DATA SUPPLIED |
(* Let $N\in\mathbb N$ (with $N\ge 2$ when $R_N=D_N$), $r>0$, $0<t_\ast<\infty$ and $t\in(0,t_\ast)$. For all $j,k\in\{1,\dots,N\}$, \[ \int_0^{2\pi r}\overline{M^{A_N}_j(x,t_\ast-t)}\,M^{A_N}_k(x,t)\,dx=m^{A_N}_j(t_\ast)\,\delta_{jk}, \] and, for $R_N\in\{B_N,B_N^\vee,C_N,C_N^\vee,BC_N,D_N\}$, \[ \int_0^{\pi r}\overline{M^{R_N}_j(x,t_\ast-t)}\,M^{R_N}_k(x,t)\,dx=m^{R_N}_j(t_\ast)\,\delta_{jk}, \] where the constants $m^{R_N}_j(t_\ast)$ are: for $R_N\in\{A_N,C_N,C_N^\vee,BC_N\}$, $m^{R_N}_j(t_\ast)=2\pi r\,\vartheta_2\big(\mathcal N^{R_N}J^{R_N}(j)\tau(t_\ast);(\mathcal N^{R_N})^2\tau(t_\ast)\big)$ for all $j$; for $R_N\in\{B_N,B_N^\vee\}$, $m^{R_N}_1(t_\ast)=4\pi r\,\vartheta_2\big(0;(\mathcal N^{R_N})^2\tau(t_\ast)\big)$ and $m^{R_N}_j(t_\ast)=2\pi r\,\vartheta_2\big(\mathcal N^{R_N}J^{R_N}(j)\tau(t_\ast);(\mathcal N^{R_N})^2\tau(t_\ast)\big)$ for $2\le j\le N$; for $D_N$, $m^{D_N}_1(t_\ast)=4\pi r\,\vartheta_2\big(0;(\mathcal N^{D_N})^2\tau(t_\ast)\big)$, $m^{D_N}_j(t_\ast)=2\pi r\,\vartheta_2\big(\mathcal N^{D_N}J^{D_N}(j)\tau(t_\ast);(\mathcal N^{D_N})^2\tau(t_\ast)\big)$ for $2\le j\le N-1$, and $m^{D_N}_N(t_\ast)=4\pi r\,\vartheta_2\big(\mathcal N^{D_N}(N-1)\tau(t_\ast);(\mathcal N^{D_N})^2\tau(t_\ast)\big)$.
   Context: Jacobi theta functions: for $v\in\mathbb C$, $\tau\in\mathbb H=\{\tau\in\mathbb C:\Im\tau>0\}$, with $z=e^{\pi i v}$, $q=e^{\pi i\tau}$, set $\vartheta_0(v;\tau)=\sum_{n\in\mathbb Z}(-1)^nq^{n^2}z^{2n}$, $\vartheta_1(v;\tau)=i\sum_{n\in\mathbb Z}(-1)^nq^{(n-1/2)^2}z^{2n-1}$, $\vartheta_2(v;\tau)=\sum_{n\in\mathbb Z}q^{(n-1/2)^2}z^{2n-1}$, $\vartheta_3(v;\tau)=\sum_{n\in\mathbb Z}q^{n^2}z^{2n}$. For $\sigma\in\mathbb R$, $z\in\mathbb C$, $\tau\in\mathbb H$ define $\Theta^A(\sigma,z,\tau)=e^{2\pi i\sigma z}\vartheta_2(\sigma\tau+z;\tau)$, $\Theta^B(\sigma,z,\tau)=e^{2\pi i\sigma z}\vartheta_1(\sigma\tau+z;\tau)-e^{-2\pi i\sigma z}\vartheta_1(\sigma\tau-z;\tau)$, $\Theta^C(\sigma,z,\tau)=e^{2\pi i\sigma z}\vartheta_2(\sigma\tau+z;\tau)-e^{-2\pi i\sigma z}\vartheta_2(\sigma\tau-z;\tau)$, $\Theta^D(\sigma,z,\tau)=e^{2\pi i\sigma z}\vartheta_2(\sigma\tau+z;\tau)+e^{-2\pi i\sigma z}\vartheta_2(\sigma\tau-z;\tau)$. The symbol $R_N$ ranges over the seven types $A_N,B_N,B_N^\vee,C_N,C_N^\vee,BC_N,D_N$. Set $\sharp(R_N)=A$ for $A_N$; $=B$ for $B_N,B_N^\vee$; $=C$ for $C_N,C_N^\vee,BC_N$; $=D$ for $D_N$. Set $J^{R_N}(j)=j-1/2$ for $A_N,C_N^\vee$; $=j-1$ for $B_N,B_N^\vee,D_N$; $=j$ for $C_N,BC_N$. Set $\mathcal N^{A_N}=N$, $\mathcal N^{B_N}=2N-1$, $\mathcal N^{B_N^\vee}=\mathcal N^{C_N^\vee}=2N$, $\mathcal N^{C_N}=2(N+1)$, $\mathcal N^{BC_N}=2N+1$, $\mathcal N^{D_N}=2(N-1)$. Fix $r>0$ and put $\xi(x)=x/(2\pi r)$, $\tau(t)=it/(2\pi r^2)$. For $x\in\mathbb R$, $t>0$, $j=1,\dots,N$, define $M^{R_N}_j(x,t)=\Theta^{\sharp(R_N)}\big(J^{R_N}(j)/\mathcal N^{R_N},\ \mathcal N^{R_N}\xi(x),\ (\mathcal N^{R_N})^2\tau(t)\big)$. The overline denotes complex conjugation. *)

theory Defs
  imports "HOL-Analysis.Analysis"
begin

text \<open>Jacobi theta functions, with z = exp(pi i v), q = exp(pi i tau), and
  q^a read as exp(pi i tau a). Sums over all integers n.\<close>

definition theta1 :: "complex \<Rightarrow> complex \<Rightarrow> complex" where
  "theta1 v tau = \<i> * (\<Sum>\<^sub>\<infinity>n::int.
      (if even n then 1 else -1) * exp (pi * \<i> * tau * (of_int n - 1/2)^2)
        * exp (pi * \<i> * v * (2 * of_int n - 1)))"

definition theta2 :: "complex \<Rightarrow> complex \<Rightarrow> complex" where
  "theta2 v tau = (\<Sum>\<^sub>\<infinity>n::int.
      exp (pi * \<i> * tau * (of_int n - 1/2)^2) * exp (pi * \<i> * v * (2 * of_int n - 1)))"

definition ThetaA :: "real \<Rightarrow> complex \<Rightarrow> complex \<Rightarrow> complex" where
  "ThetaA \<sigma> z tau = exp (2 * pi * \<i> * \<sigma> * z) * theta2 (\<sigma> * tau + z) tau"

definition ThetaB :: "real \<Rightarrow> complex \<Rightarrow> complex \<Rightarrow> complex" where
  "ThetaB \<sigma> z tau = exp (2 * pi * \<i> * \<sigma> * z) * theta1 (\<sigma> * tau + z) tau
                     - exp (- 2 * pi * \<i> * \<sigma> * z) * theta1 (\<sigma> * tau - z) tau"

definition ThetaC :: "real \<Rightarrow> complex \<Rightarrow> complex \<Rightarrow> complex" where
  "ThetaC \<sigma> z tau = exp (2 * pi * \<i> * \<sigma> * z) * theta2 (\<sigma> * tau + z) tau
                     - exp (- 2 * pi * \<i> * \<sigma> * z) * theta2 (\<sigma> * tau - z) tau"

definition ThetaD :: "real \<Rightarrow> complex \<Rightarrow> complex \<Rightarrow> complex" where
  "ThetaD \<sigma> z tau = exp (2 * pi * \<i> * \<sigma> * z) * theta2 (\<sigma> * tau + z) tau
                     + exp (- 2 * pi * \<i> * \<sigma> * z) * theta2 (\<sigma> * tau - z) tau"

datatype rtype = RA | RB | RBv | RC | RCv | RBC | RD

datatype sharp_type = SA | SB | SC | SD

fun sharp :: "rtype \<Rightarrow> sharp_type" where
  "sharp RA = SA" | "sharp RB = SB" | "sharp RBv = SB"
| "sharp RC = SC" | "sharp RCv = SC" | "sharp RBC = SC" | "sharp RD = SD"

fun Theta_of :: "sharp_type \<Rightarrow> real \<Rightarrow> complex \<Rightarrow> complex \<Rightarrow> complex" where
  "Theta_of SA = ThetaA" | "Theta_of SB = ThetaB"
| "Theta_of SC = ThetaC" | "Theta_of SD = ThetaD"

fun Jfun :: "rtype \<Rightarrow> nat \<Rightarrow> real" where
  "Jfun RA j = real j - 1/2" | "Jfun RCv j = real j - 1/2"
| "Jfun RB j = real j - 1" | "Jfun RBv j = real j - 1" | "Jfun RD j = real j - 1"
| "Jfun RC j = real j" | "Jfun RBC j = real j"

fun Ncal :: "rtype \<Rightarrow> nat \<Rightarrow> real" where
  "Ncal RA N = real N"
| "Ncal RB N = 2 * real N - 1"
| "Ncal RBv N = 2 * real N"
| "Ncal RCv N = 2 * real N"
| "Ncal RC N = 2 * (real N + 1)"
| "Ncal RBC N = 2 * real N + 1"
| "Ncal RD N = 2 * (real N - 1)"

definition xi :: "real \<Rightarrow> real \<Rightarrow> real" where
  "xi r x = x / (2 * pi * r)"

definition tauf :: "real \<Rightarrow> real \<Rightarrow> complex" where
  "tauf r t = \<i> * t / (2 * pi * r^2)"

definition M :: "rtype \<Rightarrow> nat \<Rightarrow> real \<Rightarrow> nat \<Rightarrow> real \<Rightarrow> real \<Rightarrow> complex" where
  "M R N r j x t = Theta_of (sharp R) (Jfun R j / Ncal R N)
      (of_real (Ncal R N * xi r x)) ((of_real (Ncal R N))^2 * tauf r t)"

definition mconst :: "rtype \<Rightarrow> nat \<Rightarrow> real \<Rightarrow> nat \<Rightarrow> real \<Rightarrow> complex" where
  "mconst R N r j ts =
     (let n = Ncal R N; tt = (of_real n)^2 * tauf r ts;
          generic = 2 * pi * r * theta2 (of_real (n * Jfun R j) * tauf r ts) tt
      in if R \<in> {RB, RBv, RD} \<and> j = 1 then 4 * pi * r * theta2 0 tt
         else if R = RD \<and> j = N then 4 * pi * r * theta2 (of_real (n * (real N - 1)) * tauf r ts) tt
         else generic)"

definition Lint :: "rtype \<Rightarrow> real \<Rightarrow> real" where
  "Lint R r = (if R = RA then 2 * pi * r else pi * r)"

INSTRUCTIONS FOR THE TASK | Pull out each line of the listing that holds the string "definition".

RESPONSE TO THE TASK |
definition theta1 :: "complex \<Rightarrow> complex \<Rightarrow> complex" where
definition theta2 :: "complex \<Rightarrow> complex \<Rightarrow> complex" where
definition ThetaA :: "real \<Rightarrow> complex \<Rightarrow> complex \<Rightarrow> complex" where
definition ThetaB :: "real \<Rightarrow> complex \<Rightarrow> complex \<Rightarrow> complex" where
definition ThetaC :: "real \<Rightarrow> complex \<Rightarrow> complex \<Rightarrow> complex" where
definition ThetaD :: "real \<Rightarrow> complex \<Rightarrow> complex \<Rightarrow> complex" where
definition xi :: "real \<Rightarrow> real \<Rightarrow> real" where
definition tauf :: "real \<Rightarrow> real \<Rightarrow> complex" where
definition M :: "rtype \<Rightarrow> nat \<Rightarrow> real \<Rightarrow> nat \<Rightarrow> real \<Rightarrow> real \<Rightarrow> complex" where
definition mconst :: "rtype \<Rightarrow> nat \<Rightarrow> real \<Rightarrow> nat \<Rightarrow> real \<Rightarrow> complex" where
definition Lint :: "rtype \<Rightarrow> real \<Rightarrow> real" where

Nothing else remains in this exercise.